Think it doesn't make sense? I'd have to agree with you. I'm struggling with something...I'm struggling with sending my 2nd-born to Kindergarten. It's sort of like she's my first to go. I'm having a very hard time letting her go.
I remember it was difficult to send Caden, but Caden had been attending some sort of schooling since he was 2. I knew school would be good for Caden. I knew he would make great strides there and learn things that I didn't have the skills (or the patience, if I'm being perfectly honest) to teach him. I was ok with sending him off....yes, even though he wasn't speaking and couldn't come home and tell me all about his day, I felt confident that he was "ready". As ready as he could be at his developmental level. (And today we met his 1st grade *sniffle* teacher - she is fabulous and he is going to have a great year!!)
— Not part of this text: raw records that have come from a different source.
(* Under Assumption 1, for every $\xi>0$ and every bounded set $S\subseteq\mathcal{Z}$ there exists $\alpha_\xi>0$ such that $G_\xi(z;z^\star)\ge\alpha_\xi\,\mathrm{dist}(z,\mathcal{Z}^\star)^2$ for all $z^\star\in\mathcal{Z}^\star$ and all $z\in S$. This holds both for the minimax problem (A) with $\mathcal{Z}=\mathbb{R}^{n\times m}_+\times\mathbb{R}^m$, and for the minimax problem (B) with $\mathcal{Z}=\mathbb{R}^{n\times m}_+\times\mathbb{R}^n_{>0}\times\mathbb{R}^m\times\mathbb{R}^n$.
   Context: Fisher market: $n$ buyers, $m$ goods, budgets $w_i>0$, utilities $u_{ij}\ge0$; Assumption 1: every row and column of $U=(u_{ij})$ has a positive entry. Problem (A): $\min_{x\ge0}\max_{p}\ \mathcal{L}(x,p)=-\sum_i w_i\log(\sum_j u_{ij}x_{ij})+\sum_j p_j(\sum_i x_{ij}-1)$, $z=(x,p)$. Problem (B): $\min_{x\ge0,t>0}\max_{p,y}\ \mathcal{L}(x,t;p,y)=-\sum_i w_i\log t_i+\sum_j p_j(\sum_i x_{ij}-1)+\sum_i y_i(t_i-\sum_j u_{ij}x_{ij})$, $z=((x,t),(p,y))$. For either problem, with primal part $\mathrm{pr}(z)$ and dual part $\mathrm{du}(z)$: $Q(z,\hat z)=\mathcal{L}(\mathrm{pr}(z),\mathrm{du}(\hat z))-\mathcal{L}(\mathrm{pr}(\hat z),\mathrm{du}(z))$; $G_\xi(z;\dot z)=\max_{\hat z\in\mathcal{Z}}\{Q(z,\hat z)-\frac\xi2\|\hat z-\dot z\|^2\}$; $\mathcal{Z}^\star$ is the set of saddle points. *)

theory Defs
  imports "HOL-Analysis.Analysis" "HOL-Library.Extended_Real"
begin

text \<open>Buyers are indexed by the finite type 'n, goods by the finite type 'm.
  Budgets w :: real^'n, utilities u :: real^'m^'n (u $ i $ j = u_ij),
  allocations x :: real^'m^'n (x $ i $ j = x_ij). All norms are Euclidean
  (the product / vector norms of HOL-Analysis).\<close>

definition util :: "real^'m^'n \<Rightarrow> real^'m^'n \<Rightarrow> 'n \<Rightarrow> real" where
  "util u x i = (\<Sum>j\<in>UNIV. u $ i $ j * x $ i $ j)"

definition LA :: "real^'n \<Rightarrow> real^'m^'n \<Rightarrow> real^'m^'n \<Rightarrow> real^'m \<Rightarrow> ereal" where
  "LA w u x p =
     (if (\<forall>i. util u x i > 0)
      then ereal (- (\<Sum>i\<in>UNIV. w $ i * ln (util u x i))
                  + (\<Sum>j\<in>UNIV. p $ j * ((\<Sum>i\<in>UNIV. x $ i $ j) - 1)))
      else \<infinity>)"

definition ZA :: "((real^'m^'n) \<times> (real^'m)) set" where
  "ZA = {(x, p). \<forall>i j. x $ i $ j \<ge> 0}"
lemma abs_representation_atomic_basis_le:
  assumes A: "atomic_basis A" and "a \<in> A"
  shows "\<bar>representation A v a\<bar> \<le> norm v / norm a"
proof -
  have a: "0 \<le> a" "a \<noteq> 0"
    using atomic_basisD(2,3)[OF A \<open>a \<in> A\<close>] by auto
  have bound: "0 \<le> max_multiple a w" "max_multiple a w \<le> norm v / norm a"
    if "0 \<le> w" "norm w \<le> norm v" for w
    using max_multiple_nonneg[OF a that(1)] max_multiple_norm_le[OF a that(1)] that a
    by (simp_all add: pos_le_divide_eq)
  have "representation A v a = representation A (sup v 0 - sup (- v) 0) a"
    by (simp only: pos_part_diff_neg_part)
  also have "\<dots> = representation A (sup v 0) a - representation A (sup (- v) 0) a"
    using span_atomic_basis[OF A]
    by (subst real_vector.representation_diff[OF independent_atomic_basis[OF A]]) auto
  also have "\<dots> = max_multiple a (sup v 0) - max_multiple a (sup (- v) 0)"
    using representation_atomic_basis[OF A _ \<open>a \<in> A\<close>] by simp
  finally show ?thesis
    using bound[OF _ norm_pos_part_le] bound[OF _ norm_neg_part_le] by (simp add: abs_le_iff)
qed

lemma bounded_linear_representation_atomic_basis:
  assumes A: "atomic_basis A" and "a \<in> A"
  shows "bounded_linear (\<lambda>v. representation A v a)"
proof -
  have "Vector_Spaces.linear (*\<^sub>R) (*) (\<lambda>v. representation A v a)"
    using independent_atomic_basis[OF A] span_atomic_basis[OF A]
    by (rule real_vector.linear_representation)
  then have "linear (\<lambda>v. representation A v a)"
    unfolding linear_def real_scaleR_def [abs_def] .
  moreover have "norm (representation A v a) \<le> norm v * (1 / norm a)" for v
    using abs_representation_atomic_basis_le[OF assms] by simp
  ultimately show ?thesis
    by (intro bounded_linear.intro bounded_linear_axioms.intro exI[of _ "1 / norm a"]) auto
qed

lemma lmod_le_if_norm_le_atomic_basis:
  assumes A: "atomic_basis A" and "norm x \<le> M"
  shows "lmod x \<le> (\<Sum>a\<in>A. (M / norm a) *\<^sub>R a)"
proof -
  have "lmod x = (\<Sum>a\<in>A. max_multiple a (lmod x) *\<^sub>R a)"
    using atomic_basisD(5)[OF A lmod_nonneg[of x]] by simp
  also have "\<dots> \<le> (\<Sum>a\<in>A. (M / norm a) *\<^sub>R a)"
  proof (rule sum_mono)
    fix a assume "a \<in> A"
    then have a: "0 \<le> a" "a \<noteq> 0"
      using atomic_basisD(2,3)[OF A] by auto
    have "max_multiple a (lmod x) * norm a \<le> M"
      using max_multiple_norm_le[OF a lmod_nonneg[of x]] \<open>norm x \<le> M\<close> by (simp add: norm_lmod)
    then show "max_multiple a (lmod x) *\<^sub>R a \<le> (M / norm a) *\<^sub>R a"
      using a by (intro scaleR_right_mono) (simp_all add: pos_le_divide_eq)
  qed
  finally show ?thesis .
qed

lemma norm_le_sum_max_multiple_atomic_basis:
  assumes A: "atomic_basis A" and "0 \<le> w"
  shows "norm w \<le> (\<Sum>a\<in>A. max_multiple a w * norm a)"
proof -
  have "norm w = norm (\<Sum>a\<in>A. max_multiple a w *\<^sub>R a)"
    using atomic_basisD(5)[OF A \<open>0 \<le> w\<close>] by simp
  also have "\<dots> \<le> (\<Sum>a\<in>A. norm (max_multiple a w *\<^sub>R a))"
    by (rule norm_sum)
  also have "\<dots> = (\<Sum>a\<in>A. max_multiple a w * norm a)"
  proof (rule sum.cong)
    fix a assume "a \<in> A"
    then have "0 \<le> max_multiple a w"
      using atomic_basisD(2,3)[OF A] \<open>0 \<le> w\<close> by (simp add: max_multiple_nonneg)
    then show "norm (max_multiple a w *\<^sub>R a) = max_multiple a w * norm a"
      by simp
  qed simp
  finally show ?thesis .
qed
(* Let $\widehat{\mathbf M}\otimes\mathcal A_\psi$ be the product of a gMDP $\widehat{\mathbf M}$ (state space $\hat{\mathbb X}$, input space $\hat{\mathbb U}$) with the DFA $\mathcal A_\psi=(Q,q_0,\Sigma,F,\tau)$, let $\delta\ge 0$, and let $\mu:\hat{\mathbb X}\times Q\to\mathcal P(\hat{\mathbb U})$ be any universally measurable map. Then: (i) $\mathbf T^\mu_\delta$ is monotone: if $V(\hat x,q)\ge W(\hat x,q)$ for all $(\hat x,q)\in\hat{\mathbb X}\times Q$, then $\mathbf T^\mu_\delta(V)(\hat x,q)\ge\mathbf T^\mu_\delta(W)(\hat x,q)$ for all $(\hat x,q)$; (ii) with $V_0=0$, the sequence $\{(\mathbf T^\mu_\delta)^l(V_0)\}_{l\ge0}$ is monotonically increasing and converges pointwise; (iii) if $\delta>0$, the fixed-point equation $V=\mathbf T^\mu_\delta(V)$ (for functions $V:\hat{\mathbb X}\times Q\to[0,1]$) has a unique solution, namely $V^\mu_\infty:=\lim_{l\to\infty}(\mathbf T^\mu_\delta)^l(V_0)$ with $V_0=0$.
   Context: A gMDP is a tuple $\widehat{\mathbf M}=(\hat{\mathbb X},\hat{\mathbb U},\mathbb Y,\hat x_0,\hat{\mathbf t},\hat h)$ with Polish state space $\hat{\mathbb X}$, Polish input space $\hat{\mathbb U}$, metric output space $(\mathbb Y,\mathbf d_{\mathbb Y})$, initial state $\hat x_0$, stochastic kernel $\hat{\mathbf t}(\cdot\mid\hat x,\hat u)$ on $\hat{\mathbb X}$, and measurable output map $\hat h:\hat{\mathbb X}\to\mathbb Y$. $\mathsf{AP}$ is a finite set of atomic propositions, $\Sigma=2^{\mathsf{AP}}$, $\mathsf L:\mathbb Y\to\Sigma$ a measurable labelling function; $\psi$ is an scLTL formula and $\mathcal A_\psi=(Q,q_0,\Sigma,F,\tau)$ a deterministic finite automaton (finite $Q$, accepting set $F\subseteq Q$, transition function $\tau:Q\times\Sigma\to Q$) accepting exactly the words satisfying $\psi$. The product $\widehat{\mathbf M}\otimes\mathcal A_\psi$ is the gMDP with states $\hat{\mathbb X}\times Q$, inputs $\hat{\mathbb U}$, initial state $(\hat x_0,\tau(q_0,\mathsf L(\hat h(\hat x_0))))$ and kernel $\bar{\mathbf t}(d\hat x'\times\{q'\}\mid\hat x,q,u)=\mathbf 1_{\{q'\}}(\tau(q,\mathsf L(\hat h(\hat x'))))\,\hat{\mathbf t}(d\hat x'\mid\hat x,u)$. For $V:\hat{\mathbb X}\times Q\to[0,1]$, the Bellman operator is $\mathbf T^\mu(V)(\hat x,q)=\int\max\{\mathbf 1_F(q'),V(\hat x',q')\}\,\bar{\mathbf t}(d\hat x'\times\{q'\}\mid\hat x,q,\mu(\hat x,q))$ (input drawn from $\mu(\hat x,q)$), and the $\delta$-robust operator is $\mathbf T^\mu_\delta(V)(\hat x,q)=\mathbf L(\mathbf T^\mu(V)(\hat x,q)-\delta)$, where $\mathbf L(r)=\min(1,\max(0,r))$. *)

theory Defs
  imports "HOL-Probability.Probability"
begin
(* Let $B$ be a nilpotent $n\times n$ matrix with $\mathrm{sh}(B)=(\lambda_1,\lambda_2)$, $\lambda_1\ge\lambda_2\ge1$, $n=\lambda_1+\lambda_2$. Choose integers $j,\ell$ with $0\le j\le\ell<\lambda_2$ and put $w=\lambda_1-\lambda_2+j+\ell$, assuming $w\ge1$. (a) If there is an integer $k$ with $\lambda_2\le kw<\lambda_1$, then $\big((2k+1)^{\lambda_1-kw},(2k)^{w+\lambda_2-\lambda_1},(2k-1)^{kw-\lambda_2}\big)\in\mathcal{P}(\mathcal{N}_B)$. (b) If there is an integer $k$ with $\lambda_1-\ell\le kw<\lambda_2-j$, then $\big((2k+2)^{\lambda_2-kw-j},(2k+1)^{w+j-\ell},(2k)^{kw+\ell-\lambda_2}\big)\in\mathcal{P}(\mathcal{N}_B)$. (c) If neither of the conditions in (a) and (b) holds, then $r(n,w)\in\mathcal{P}(\mathcal{N}_B)$.
   Context: $\mathbb{F}$ is an algebraically closed field of characteristic $0$. For a nilpotent matrix $A$, $\mathrm{sh}(A)$ is the partition of $n$ given by the sizes of the Jordan blocks of its Jordan canonical form; $\mathcal{N}_B$ is the set of nilpotent $n\times n$ matrices commuting with $B$ and $\mathcal{P}(\mathcal{N}_B)=\{\mathrm{sh}(A):A\in\mathcal{N}_B\}$. The notation $(m_1^{r_1},m_2^{r_2},\ldots)$ denotes the partition with $r_i$ parts equal to $m_i$ (parts with exponent $0$ omitted). For $1\le t\le n$, $r(n,t)$ denotes the unique partition of $n$ with exactly $t$ parts whose largest and smallest parts differ by at most $1$, i.e. $r(n,t)=(\lceil n/t\rceil^{\rho},\lfloor n/t\rfloor^{t-\rho})$ with $\rho=n-t\lfloor n/t\rfloor$ (an "almost rectangular partition"); when $t>n$ one interprets $r(n,t)=(1^n)$. *)

theory Defs
  imports "Jordan_Normal_Form.Jordan_Normal_Form_Uniqueness"
begin
lemma Farey_eq_Eps: "Farey q x = (SOME y. \<exists>k\<in>Kset q. on_branch k x y)"
  unfolding Farey_def on_branch_def mob_gk mob_Qmul_gk mob_minv_gk mob_minv_Qmul_gk
    g_inv_0 g_inv_1 Qg_inv_0 Qg_inv_1 ..

lemma g_map_left_end:
  assumes "k \<in> Kset q"
  shows "g_map k (left_end k) = 0"
  using unimodular.b_pos[OF unimodular_branch[OF assms]] by (simp add: g_map_def left_end_def)

lemma Qg_map_right_end:
  assumes "k \<in> Kset q"
  shows "Qg_map k (right_end k) = 0"
  using unimodular.a_pos[OF unimodular_branch[OF assms]] by (simp add: Qg_map_def right_end_def)

lemma g_map_mid_pt:
  assumes "k \<in> Kset q"
  shows "g_map k (mid_pt k) = 1"
  using unimodular.lower_at_mid[OF unimodular_branch[OF assms]] by (simp add: g_map_def mid_pt_def)

lemma Qg_map_mid_pt:
  assumes "k \<in> Kset q"
  shows "Qg_map k (mid_pt k) = 1"
  using unimodular.upper_at_mid[OF unimodular_branch[OF assms]] by (simp add: Qg_map_def mid_pt_def)

lemma on_branch_unique_less:
  assumes "k \<in> Kset q" "k' \<in> Kset q" "k < k'" "on_branch k x y" "on_branch k' x y'"
  shows "y = y'"
proof -
  have "right_end k' \<le> left_end k"
    using assms(1-3) by (rule right_end_le_left_end)
  then have x: "x = left_end k" "x = right_end k'"
    using assms(4,5) left_end_lt_mid_pt[OF assms(1)] mid_pt_lt_right_end[OF assms(1)]
      left_end_lt_mid_pt[OF assms(2)] mid_pt_lt_right_end[OF assms(2)]
    by (auto simp: on_branch_def)
  then have "y = g_map k (left_end k)" "y' = Qg_map k' (right_end k')"
    using assms(4,5) left_end_lt_mid_pt[OF assms(1)] mid_pt_lt_right_end[OF assms(2)]
    by (auto simp: on_branch_def)
  then show ?thesis
    using g_map_left_end[OF assms(1)] Qg_map_right_end[OF assms(2)] by simp
qed

lemma on_branch_unique:
  assumes "k \<in> Kset q" "k' \<in> Kset q" "on_branch k x y" "on_branch k' x y'"
  shows "y = y'"
proof (cases k k' rule: linorder_cases)
  case equal
  then show ?thesis
    using assms g_map_mid_pt Qg_map_mid_pt by (auto simp: on_branch_def)
qed (metis assms on_branch_unique_less)+
(* Assume $\mathsf{CH}$. There is a $\mathcal{Z}$-MAD family (a MAD family $\mathcal{A}$ with $\mathcal{I}(\mathcal{A})\not\le_K\mathcal{Z}$) that is not Shelah–Stepr\={a}ns for block sequences.
   Context: $\mathcal{Z}=\{A\subseteq\omega:\lim_n|A\cap 2^n|/2^n=0\}$. A MAD family is a maximal family of infinite subsets of $\omega$ with pairwise finite intersections; $\mathcal{I}(\mathcal{A})$ is the ideal generated by $\mathcal{A}$ and finite sets. $\mathcal{I}\le_K\mathcal{J}$ (ideals on $\omega$) means there is $f:\omega\to\omega$ with $f^{-1}(A)\in\mathcal{J}$ for all $A\in\mathcal{I}$. For an ideal $\mathcal{I}$, $(\mathcal{I}^{<\omega})^+$ is the set of $X\subseteq[\omega]^{<\omega}\setminus\{\emptyset\}$ such that every $A\in\mathcal{I}$ is disjoint from some $s\in X$. A block sequence is $\{s_n:n\in\omega\}$ of nonempty finite subsets of $\omega$ with $\max s_n<\min s_{n+1}$. $\mathcal{A}$ is Shelah–Stepr\={a}ns for block sequences if for every block sequence $\{s_n\}\in(\mathcal{I}(\mathcal{A})^{<\omega})^+$ there is an infinite $W\subseteq\omega$ with $\bigcup_{n\in W}s_n\in\mathcal{I}(\mathcal{A})$. *)

theory Defs
  imports Complex_Main "HOL-Library.Equipollence" "HOL-Library.Countable_Set"
begin

definition CH :: bool where
  "CH \<longleftrightarrow> (\<forall>X :: nat set set. countable X \<or> X \<approx> (UNIV :: nat set set))"

definition Zideal :: "nat set set" where
  "Zideal = {A. (\<lambda>n. real (card (A \<inter> {..<2^n})) / 2^n) \<longlonglongrightarrow> 0}"

definition almost_disjoint_family :: "nat set set \<Rightarrow> bool" where
  "almost_disjoint_family \<A> \<longleftrightarrow>
     (\<forall>X\<in>\<A>. infinite X) \<and> (\<forall>X\<in>\<A>. \<forall>Y\<in>\<A>. X \<noteq> Y \<longrightarrow> finite (X \<inter> Y))"

definition MAD :: "nat set set \<Rightarrow> bool" where
  "MAD \<A> \<longleftrightarrow> almost_disjoint_family \<A> \<and>
     (\<forall>\<B>. almost_disjoint_family \<B> \<and> \<A> \<subseteq> \<B> \<longrightarrow> \<B> = \<A>)"

definition gen_ideal :: "nat set set \<Rightarrow> nat set set" where
  "gen_ideal \<A> = {X. \<exists>F. finite F \<and> F \<subseteq> \<A> \<and> finite (X - \<Union>F)}"

definition katetov_le :: "nat set set \<Rightarrow> nat set set \<Rightarrow> bool" where
  "katetov_le I J \<longleftrightarrow> (\<exists>f :: nat \<Rightarrow> nat. \<forall>A\<in>I. f -` A \<in> J)"

definition block_sequence :: "(nat \<Rightarrow> nat set) \<Rightarrow> bool" where
  "block_sequence s \<longleftrightarrow> (\<forall>n. finite (s n) \<and> s n \<noteq> {}) \<and> (\<forall>n. Max (s n) < Min (s (Suc n)))"

text \<open>Membership of a family of nonempty finite sets in (I^{<omega})^+.\<close>
definition fin_positive :: "nat set set \<Rightarrow> nat set set \<Rightarrow> bool" where
  "fin_positive I X \<longleftrightarrow> (\<forall>s\<in>X. finite s \<and> s \<noteq> {}) \<and> (\<forall>A\<in>I. \<exists>s\<in>X. A \<inter> s = {})"

definition SS_block :: "nat set set \<Rightarrow> bool" where
  "SS_block \<A> \<longleftrightarrow> (\<forall>s. block_sequence s \<and> fin_positive (gen_ideal \<A>) (range s) \<longrightarrow>
       (\<exists>W. infinite W \<and> (\<Union>n\<in>W. s n) \<in> gen_ideal \<A>))"

end

theory Submission
  imports Defs
begin

(* Cut omega into the blocks I_n = [n^2, (n+1)^2). Call an almost disjoint family block-sparse
   if every finite union U of its members misses infinitely many blocks and |I_n - U| tends to
   infinity. For such a family the blocks are positive for the ideal (a set in the ideal is
   almost contained in such a U, so it misses one of the blocks missed by U), while no infinite
   union of blocks lies in the ideal (it would be almost covered by such a U, which leaves a
   point of almost every block uncovered); so the family is not Shelah-Steprans for block
   sequences.

   Under CH the subsets of omega carry a well-founded total order with countable initial
   segments, and every set X and every function f (through a code) owns a stage.
   At a stage the family built so far is countable and block-sparse; it is extended by a subset
   of X if X is almost disjoint from all members, and by a set A with f^-1[A] not in Z if no
   member has this property. The union is then MAD and its ideal is not Katetov below Z.
   The new set is a union of finite pieces P_k placed strictly between two blocks I_(n_k) and
   I_(n_(k+1)) that avoid the first k members, each P_k leaving at least k free points in every
   block it meets; this keeps the family block-sparse. For the Katetov requirement each piece
   is chosen with f-preimage of density at least 1/4 at some dyadic level beyond k. *)

section \<open>Blocks\<close>

definition block :: "nat \<Rightarrow> nat set" where
  "block n = {n\<^sup>2..<(Suc n)\<^sup>2}"
lemma sum_torus_translate:
  assumes "lattice_periodic M f" "M > 0"
  shows "(\<Sum>z\<in>torus M. f (z + v)) = (\<Sum>z\<in>torus M. f z)"
proof -
  let ?h = "\<lambda>z. torus_rep M (z + v)"
  have inj: "inj_on ?h (torus M)"
  proof (rule inj_onI)
    fix a b assume "a \<in> torus M" "b \<in> torus M" "?h a = ?h b"
    then show "a = b"
      by (metis torus_rep_eq_iff tcong_add_right_iff tcong_torus_iff)
  qed
  then have "bij_betw ?h (torus M) (torus M)"
    using endo_inj_surj[OF finite_torus _ inj] torus_rep_in_torus[OF assms(2)]
    by (auto simp: bij_betw_def)
  then have "(\<Sum>z\<in>torus M. f (?h z)) = (\<Sum>z\<in>torus M. f z)"
    by (rule sum.reindex_bij_betw)
  then show ?thesis using lattice_periodic_torus_rep[OF assms(1)] by simp
qed

lemma sum_torus_eq_sum_representatives:
  assumes "lattice_periodic M f" "M > 0" "finite S" "inj_on (torus_rep M) S"
    and "\<And>z. z \<in> torus M \<Longrightarrow> f z \<noteq> 0 \<Longrightarrow> \<exists>y\<in>S. tcong M z y"
  shows "(\<Sum>z\<in>torus M. f z) = (\<Sum>y\<in>S. f y)"
proof -
  have "(\<Sum>y\<in>S. f y) = (\<Sum>y\<in>S. f (torus_rep M y))"
    using lattice_periodic_torus_rep[OF assms(1)] by simp
  also have "\<dots> = (\<Sum>z\<in>torus_rep M ` S. f z)"
    using sum.reindex[OF assms(4), of f] by (simp add: o_def)
  also have "\<dots> = (\<Sum>z\<in>torus M. f z)"
  proof (rule sum.mono_neutral_left)
    show "torus_rep M ` S \<subseteq> torus M" using torus_rep_in_torus assms(2) by auto
    show "\<forall>z\<in>torus M - torus_rep M ` S. f z = 0"
    proof (intro ballI, rule ccontr)
      fix z assume z: "z \<in> torus M - torus_rep M ` S" and "f z \<noteq> 0"
      then obtain y where "y \<in> S" "tcong M z y" using assms(5) by blast
      then show False using z tcong_torus_iff[of z M y] tcong_sym by blast
    qed
  qed simp
  finally show ?thesis by simp
qed
locale job_search =
  fixes \<beta> z c wl wu :: real and U :: "real \<Rightarrow> real"
  assumes \<beta>_pos: "0 < \<beta>" and \<beta>_less_1: "\<beta> < 1" and c_pos: "0 < c"
    and U_mono: "mono U"
    and U_nonexp: "\<And>x y. x \<le> y \<Longrightarrow> U y - U x \<le> y - x"
    and U_strict: "\<And>x y. x < y \<Longrightarrow> wl < y \<Longrightarrow> U x < U y"
    and U_top: "U wu = wu"
    and bottom_below: "wl < z * (1 - \<beta>) + \<beta> * U wl"
    and top_above: "z + c < wu"
begin

abbreviation r :: "nat \<Rightarrow> real" where
  "r \<equiv> wR \<beta> z c wl wu U"

lemma top_above_stationary: "z * (1 - \<beta>) + \<beta> * U wu \<le> wu"
proof -
  have "(1 - \<beta>) * z \<le> (1 - \<beta>) * wu"
    using top_above c_pos \<beta>_less_1 by (intro mult_left_mono) auto
  then show ?thesis
    using U_top by (simp add: algebra_simps)
qed

lemma r_0_characterization:
  shows "r 0 \<in> {wl..wu}" and "r 0 = z * (1 - \<beta>) + \<beta> * U (r 0)"
    and "\<And>y. z * (1 - \<beta>) + \<beta> * U y < y \<longleftrightarrow> r 0 < y"
    and "wl < r 0"
proof -
  note fp = fixed_point_affine_nonexpansive[of \<beta> U wl "z * (1 - \<beta>)" wu,
      OF _ \<beta>_less_1 U_mono U_nonexp _ top_above_stationary]
  show "r 0 \<in> {wl..wu}" "r 0 = z * (1 - \<beta>) + \<beta> * U (r 0)"
    "\<And>y. z * (1 - \<beta>) + \<beta> * U y < y \<longleftrightarrow> r 0 < y"
    "wl < r 0"
    using fp bottom_below \<beta>_pos by auto
qed

lemma r_0_less_r_1: "r 0 < r 1"
proof -
  have "r 1 = r 0 + c * (1 - \<beta>)"
    using r_0_characterization(2) by (simp add: algebra_simps)
  then show ?thesis
    using c_pos \<beta>_less_1 by simp
qed

lemma r_incseq: "incseq r"
proof (rule incseq_SucI)
  show "r n \<le> r (Suc n)" for n
  proof (induction n)
    case 0
    then show ?case using r_0_less_r_1 by simp
  next
    case (Suc n)
    then show ?case
      using monoD[OF U_mono Suc] \<beta>_pos by simp
  qed
qed

lemma r_0_less: "0 < n \<Longrightarrow> r 0 < r n"
  using r_0_less_r_1 incseqD[OF r_incseq, of 1 n] by simp

lemma r_greater_bottom: "wl < r n"
  using r_0_characterization(4) incseqD[OF r_incseq, of 0 n] by simp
And then there's Avery. Maybe it's the girl thing. Maybe it's the fact that she's my little mini-me. She's my sidekick, my big helper, my incessant chatterbox. Avery is so excited about Kindergarten. She got the teacher she wanted (and she'll tell you this). We went tonight and had a whole scavenger hunt to find the different things in her classroom, to meet her teacher and to bring her classroom supplies. She LOVED it. (I was even a suck-up and had her bring a decorated apple cookie for her teacher. I know, throw rotten tomatoes.) But the whole time I could not be excited for her. I can't seem to wrap my mind around the idea that she is going to be gone from home 3 days a week, moving to 5 full days a week by the end of the school year. I could cry about it so easily and if you know me you know I am NOT a cry-er. Avery is going to ride the big yellow bus to and from school. I have set up a set of identical twin 5th graders on her bus route to help her get to class, so she's covered there. I just can't help it - I feel like she is not ready and won't be able to handle it and cannot possibly be apart from her momma.
Perhaps this is one of the greatest downfalls of being a stay at home mom. Perhaps it's just me. Either way, I think Monday is going to be harder on Tena than on Avery. Yes, I am looking forward to having "just" 3 kids here at home during the day, but no one can talk to me or argue with me (efficiently, that is - Declan sure tries but his vocabulary consists of "noo!" "mine!") or otherwise bug the tar out of me at every turn. Honestly, I don't even know what to say. I'm positive it's going to be ok but my heart feels heavy at the same time. I'll miss her! She's growing up...right before my very eyes and quite literally without my permission. Bittersweet.